Kuntoro Boga Andri
Kepala Pusat Standar Instrumen Perkebunan Kementerian Pertanian
INDONESIA dengan keanekaragaman hayati tanaman rempah-rempah berpeluang besar mengembalikan kejayaan komoditas unggulan di masa lalu. Rempah Nusantara mempunyai sejarah panjang yang mencerminkan kekayaan, kejayaan dan perjalanan bangsa di masa lalu. Rempah-rempah kini semakin diminati dan diminati pasar global untuk bahan-bahan alami dalam industri kuliner, kesehatan, dan pigmen.
Optimalisasi potensi tersebut dapat dilakukan melalui berbagai cara, antara lain peningkatan rantai pasok, peningkatan kualitas dan standarisasi produk, serta penambahan nilai melalui pengolahan lebih lanjut. Selain itu, promosi internasional yang menonjolkan kisah dan warisan budaya rempah-rempah Indonesia juga dapat meningkatkan daya tariknya di pasar global.
Pada level tersebut, Indonesia mempunyai potensi besar untuk menjadikan rempah-rempah menjadi salah satu komoditas utama yang tidak hanya meningkatkan perekonomian nasional, tetapi juga mempopulerkan kekayaan budaya lokal hingga dunia.
Strategi pengelolaan yang efektif, inovasi dan rebranding produk turunan menjadi kunci peningkatan daya saing rempah Indonesia di pasar global. Dengan semakin meningkatnya kesadaran masyarakat akan manfaat kesehatan dari bahan-bahan alami, rempah-rempah Indonesia mempunyai potensi besar untuk dijadikan bahan dasar produk kesehatan, kosmetik, dan kuliner, seiring dengan permintaan yang terus meningkat.

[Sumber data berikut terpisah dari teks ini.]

(* Let $K\ge 1$ be an integer and $d\in[0,1]$. Let $C_{2K}(d)$ denote the capacity of the $2K$-ary i.i.d. deletion channel with deletion probability $d$ and $C_2(d)$ the capacity of the binary i.i.d. deletion channel with the same deletion probability $d$. Then $$C_{2K}(d)\le C_2(d)+(1-d)\log(K).$$
   Context: The $q$-ary i.i.d. deletion channel with deletion probability $d$: an input sequence $\mathbf X=(x_1,\dots,x_N)\in\{1,\dots,q\}^N$ is transmitted; each symbol is independently (and independently of $\mathbf X$) deleted with probability $d$ or delivered unchanged with probability $1-d$, and the output $\mathbf Y=(y_1,\dots,y_M)$ is the subsequence of surviving symbols in their original order (so $M\sim\mathrm{Binomial}(N,1-d)$); neither transmitter nor receiver knows the positions of deletions. Its capacity is $C_q(d)=\lim_{N\to\infty}\max_{P(\mathbf X)}\frac1N I(\mathbf X;\mathbf Y)$, where the maximum is over all distributions of $\mathbf X$ on $\{1,\dots,q\}^N$. All logarithms are taken to the same base (the unit of information). *)

theory Defs
  imports "HOL-Analysis.Analysis"
begin

definition del_inputs :: "nat \<Rightarrow> nat \<Rightarrow> nat list set" where
  "del_inputs q N = {xs. length xs = N \<and> set xs \<subseteq> {1..q}}"

definition del_outputs :: "nat \<Rightarrow> nat \<Rightarrow> nat list set" where
  "del_outputs q N = {ys. length ys \<le> N \<and> set ys \<subseteq> {1..q}}"

text \<open>Transition probability P(Y = y | X = x) of the i.i.d. deletion channel:
  the set S of surviving positions is chosen with each position surviving
  independently with probability 1 - d; the output is the subsequence nths x S.\<close>
definition del_trans :: "real \<Rightarrow> nat list \<Rightarrow> nat list \<Rightarrow> real" where
  "del_trans d x y =
     (\<Sum>S\<in>{S. S \<subseteq> {0..<length x} \<and> nths x S = y}.
        (1 - d) ^ card S * d ^ (length x - card S))"

definition del_input_dists :: "nat \<Rightarrow> nat \<Rightarrow> (nat list \<Rightarrow> real) set" where
  "del_input_dists q N = {P. (\<forall>x. P x \<ge> 0) \<and> (\<forall>x. x \<notin> del_inputs q N \<longrightarrow> P x = 0)
                               \<and> (\<Sum>x\<in>del_inputs q N. P x) = 1}"

definition del_output_prob :: "nat \<Rightarrow> nat \<Rightarrow> real \<Rightarrow> (nat list \<Rightarrow> real) \<Rightarrow> nat list \<Rightarrow> real" where
  "del_output_prob q N d P y = (\<Sum>x\<in>del_inputs q N. P x * del_trans d x y)"
lemma bessel_sum_decay_of_coeff_decay:
  fixes f :: "real \<Rightarrow> real \<Rightarrow> real"
  assumes cont: "continuous_on ({0..1} \<times> UNIV) (\<lambda>(t, x). f t x)"
    and bound: "\<And>s. s \<in> {0..1} \<Longrightarrow> integral {0..2*pi} (\<lambda>x. (f s x)\<^sup>2) \<le> B"
    and cos_decay: "\<And>k. (cos_coeff g k)\<^sup>2 \<le> K * integral {0..1} (\<lambda>s. (cos_coeff (f s) k)\<^sup>2)"
    and sin_decay: "\<And>k. (sin_coeff g k)\<^sup>2 \<le> K * integral {0..1} (\<lambda>s. (sin_coeff (f s) k)\<^sup>2)"
    and "K \<ge> 0"
  shows "bessel_sum g N \<le> K * B"
proof -
  define I where "I k = integral {0..1} (\<lambda>s. (cos_coeff (f s) k)\<^sup>2)
    + integral {0..1} (\<lambda>s. (sin_coeff (f s) k)\<^sup>2)" for k
  have "((\<lambda>s. bessel_sum (f s) N) has_integral (\<Sum>k<N. I k / cos_sq_integral k)) {0..1}"
    unfolding bessel_sum_def I_def
    by (intro has_integral_sum has_integral_divide has_integral_add finite_lessThan
        integrable_integral integrable_continuous_interval continuous_intros
        continuous_on_coeffs_param[OF cont])
  moreover have "((\<lambda>s::real. B) has_integral B) {0..1}"
    using has_integral_const_real[of B 0 1] by simp
  moreover have "bessel_sum (f s) N \<le> B" if "s \<in> {0..1}" for s
  proof -
    have "continuous_on {0..2*pi} (f s)"
      using continuous_on_slice[OF cont that] by (rule continuous_on_subset) simp
    then show ?thesis
      using bessel_inequality[of "f s" N] bound[OF that] by linarith
  qed
  ultimately have mean: "(\<Sum>k<N. I k / cos_sq_integral k) \<le> B"
    by (rule has_integral_le)
  have "bessel_sum g N \<le> (\<Sum>k<N. K * I k / cos_sq_integral k)"
    unfolding bessel_sum_def I_def
    using cos_decay sin_decay cos_sq_integral_pos
    by (intro sum_mono divide_right_mono) (auto simp: distrib_left add_mono less_imp_le)
  also have "\<dots> = K * (\<Sum>k<N. I k / cos_sq_integral k)"
    by (simp add: sum_distrib_left)
  also have "\<dots> \<le> K * B"
    using mean \<open>K \<ge> 0\<close> by (rule mult_left_mono)
  finally show ?thesis .
qed

lemma integral_square_decay_of_coeff_decay:
  fixes f :: "real \<Rightarrow> real \<Rightarrow> real" and K :: "real \<Rightarrow> real"
  assumes cont: "continuous_on ({0..} \<times> UNIV) (\<lambda>(t, x). f t x)"
    and per: "\<And>t x. t \<ge> 0 \<Longrightarrow> f t (x + 2*pi) = f t x"
    and cos_decay: "\<And>t k. t \<ge> 0 \<Longrightarrow>
      (cos_coeff (f t) k)\<^sup>2 \<le> K t * integral {0..1} (\<lambda>s. (cos_coeff (f s) k)\<^sup>2)"
    and sin_decay: "\<And>t k. t \<ge> 0 \<Longrightarrow>
      (sin_coeff (f t) k)\<^sup>2 \<le> K t * integral {0..1} (\<lambda>s. (sin_coeff (f s) k)\<^sup>2)"
    and K_nonneg: "\<And>t. t \<ge> 0 \<Longrightarrow> K t \<ge> 0"
  obtains B where "\<And>t. t \<ge> 0 \<Longrightarrow> integral {0..2*pi} (\<lambda>x. (f t x)\<^sup>2) \<le> K t * B"
proof -
  have cont_unit: "continuous_on ({0..1} \<times> UNIV) (\<lambda>(t, x). f t x)"
    using cont by (rule continuous_on_subset) auto
  obtain B where B: "\<And>s. s \<in> {0..1} \<Longrightarrow> integral {0..2*pi} (\<lambda>x. (f s x)\<^sup>2) \<le> B"
    using compact_imp_bounded[OF compact_continuous_image[OF continuous_on_coeffs_param(3)[OF cont_unit]]]
    unfolding bounded_iff by (metis abs_le_D1 compact_Icc image_eqI real_norm_def)
  show ?thesis
  proof
    fix t :: real assume "t \<ge> 0"
    have "continuous_on UNIV (f t)"
      using \<open>t \<ge> 0\<close> by (intro continuous_on_slice[OF cont]) simp
    then show "integral {0..2*pi} (\<lambda>x. (f t x)\<^sup>2) \<le> K t * B"
      using per[OF \<open>t \<ge> 0\<close>] cos_decay[OF \<open>t \<ge> 0\<close>] sin_decay[OF \<open>t \<ge> 0\<close>] K_nonneg[OF \<open>t \<ge> 0\<close>]
      by (intro integral_square_le_of_bessel_sum_bound bessel_sum_decay_of_coeff_decay[OF cont_unit B])
  qed
qed
text \<open>For the negative lexicographic order the variables outside \<open>L = {j..n}\<close> are the most
  significant ones. Hence if \<open>f\<^sub>L \<noteq> 0\<close>, the initial monomial of \<open>f\<close> involves no variable outside
  \<open>L\<close> and coincides with that of \<open>f\<^sub>L\<close>; if \<open>f\<^sub>L = 0\<close>, then \<open>in(f)\<^sub>L = 0\<close>. So truncating the
  generators \<open>in(f)\<close>, \<open>f \<in> J\<close>, of \<open>in(J)\<close> yields, up to zero, the generators \<open>in(f\<^sub>L)\<close> of
  \<open>in(J\<^sub>L)\<close>; and truncation maps the ideal generated by a set onto the ideal generated by the
  truncated set, because \<open>(g f)\<^sub>L = g\<^sub>L f\<^sub>L\<close>.\<close>

abbreviation mon_divisors :: "mon \<Rightarrow> mon set" where
  "mon_divisors \<alpha> \<equiv> {\<beta>. \<forall>i. \<beta> i \<le> \<alpha> i}"

lemma finite_mon_divisors:
  assumes "finite L" "supp_in L \<alpha>"
  shows "finite (mon_divisors \<alpha>)"
proof -
  have "inj_on (\<lambda>\<beta>. restrict \<beta> L) (mon_divisors \<alpha>)"
  proof (rule inj_onI, rule ext)
    fix \<beta> \<gamma> i
    assume "\<beta> \<in> mon_divisors \<alpha>" "\<gamma> \<in> mon_divisors \<alpha>" "restrict \<beta> L = restrict \<gamma> L"
    then show "\<beta> i = \<gamma> i" using assms(2) unfolding supp_in_def
      by (metis le_zero_eq mem_Collect_eq restrict_apply')
  qed
  moreover have "(\<lambda>\<beta>. restrict \<beta> L) ` mon_divisors \<alpha> \<subseteq> PiE L (\<lambda>i. {..\<alpha> i})" by auto
  moreover have "finite (PiE L (\<lambda>i. {..\<alpha> i}))" using assms(1) by (simp add: finite_PiE)
  ultimately show ?thesis by (meson finite_imageD finite_subset)
qed

lemma supp_in_mon_divisor:
  assumes "supp_in L \<alpha>" "\<beta> \<in> mon_divisors \<alpha>"
  shows "supp_in L \<beta>" "supp_in L (\<lambda>i. \<alpha> i - \<beta> i)"
  using assms unfolding supp_in_def by (metis le_zero_eq mem_Collect_eq, simp)
theorem lemma6:
  fixes M :: real
  assumes "M > 0"
  shows "\<exists>A. admissible A \<and> (\<Sum>a\<in>A. 1 / real a) > M"
proof -
  obtain c where "c > 0" and c: "\<And>J. c * ln (real J + 1) \<le> expected_recip_sum (2 ^ J)"
    using expected_recip_sum_dyadic_ge by blast
  define J where "J = nat \<lceil>exp (M / c)\<rceil>"
  have "exp (M / c) < real J + 1" unfolding J_def by linarith
  then have "M / c < ln (real J + 1)" by (metis exp_gt_zero less_trans ln_exp ln_less_cancel_iff)
  then have "M < expected_recip_sum (2 ^ J)" using c[of J] \<open>c > 0\<close> by (simp add: field_simps)
  moreover obtain r where "r \<in> residue_choices (2 ^ J)"
    and "expected_recip_sum (2 ^ J) \<le> (\<Sum>a\<in>sifted_set (2 ^ J) r. 1 / real a)"
    using exists_sifted_set_recip_sum_ge by blast
  ultimately show ?thesis using admissible_sifted_set by fastforce
qed

end
text \<open>The gradient is G = renyi_grad p phi.\<close>
theorem mainTheorem2:
  fixes p :: real
  assumes "1 < p" and "p < 2"
  shows "(\<forall>\<phi> :: complex ^ ('a::finite \<times> 'b::finite). norm \<phi> = 1 \<longrightarrow>
            (\<exists>G. (renyi_g p has_derivative (\<lambda>h. G \<bullet> h)) (at \<phi>) \<and>
                 G \<bullet> G = 4 * p\<^sup>2 / (1 - p)\<^sup>2 *
                   ((\<Sum>j\<in>UNIV. marg_q \<phi> j powr (2 * p - 1)) /
                    (\<Sum>j\<in>UNIV. marg_q \<phi> j powr p)\<^sup>2) \<and>
                 4 * p\<^sup>2 / (1 - p)\<^sup>2 *
                   ((\<Sum>j\<in>UNIV. marg_q \<phi> j powr (2 * p - 1)) /
                    (\<Sum>j\<in>UNIV. marg_q \<phi> j powr p)\<^sup>2)
                   \<le> 4 * p\<^sup>2 / (1 - p)\<^sup>2 * real CARD('a) powr (p - 1)))
         \<and> (\<exists>C. C \<le> 2 * p / (p - 1) * real CARD('a) powr ((p - 1) / 2) \<and>
              C-lipschitz_on {\<phi> :: complex ^ ('a \<times> 'b). norm \<phi> = 1} (renyi_g p))"
proof -
  have gradient: "(renyi_g p has_derivative (\<lambda>h. renyi_grad p \<phi> \<bullet> h)) (at \<phi>)"
    if "norm \<phi> = 1" for \<phi> :: "complex ^ ('a \<times> 'b)"
    using that by (intro renyi_g_has_derivative[OF assms(1)]) auto
  show ?thesis
    using gradient renyi_grad_inner_self renyi_grad_bound[of p] assms(1)
      renyi_g_lipschitz[OF assms(1)]
    unfolding power_sum_def by fastforce
qed

end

Untuk mencapai potensi tersebut, diperlukan tantangan dalam pengelolaan sumber daya, peningkatan kualitas produksi, dan mengatasi kebutuhan penggunaan teknologi pertanian modern. Penerapan teknologi canggih di bidang pertanian, seperti sistem irigasi yang presisi, penggunaan drone untuk pemantauan tanaman, serta inovasi pengolahan pasca panen, dapat meningkatkan hasil dan kualitas spesies. Selain itu, rantai pasok yang efisien dan berkelanjutan akan menjamin tersedianya kualitas terbaik di pasar internasional.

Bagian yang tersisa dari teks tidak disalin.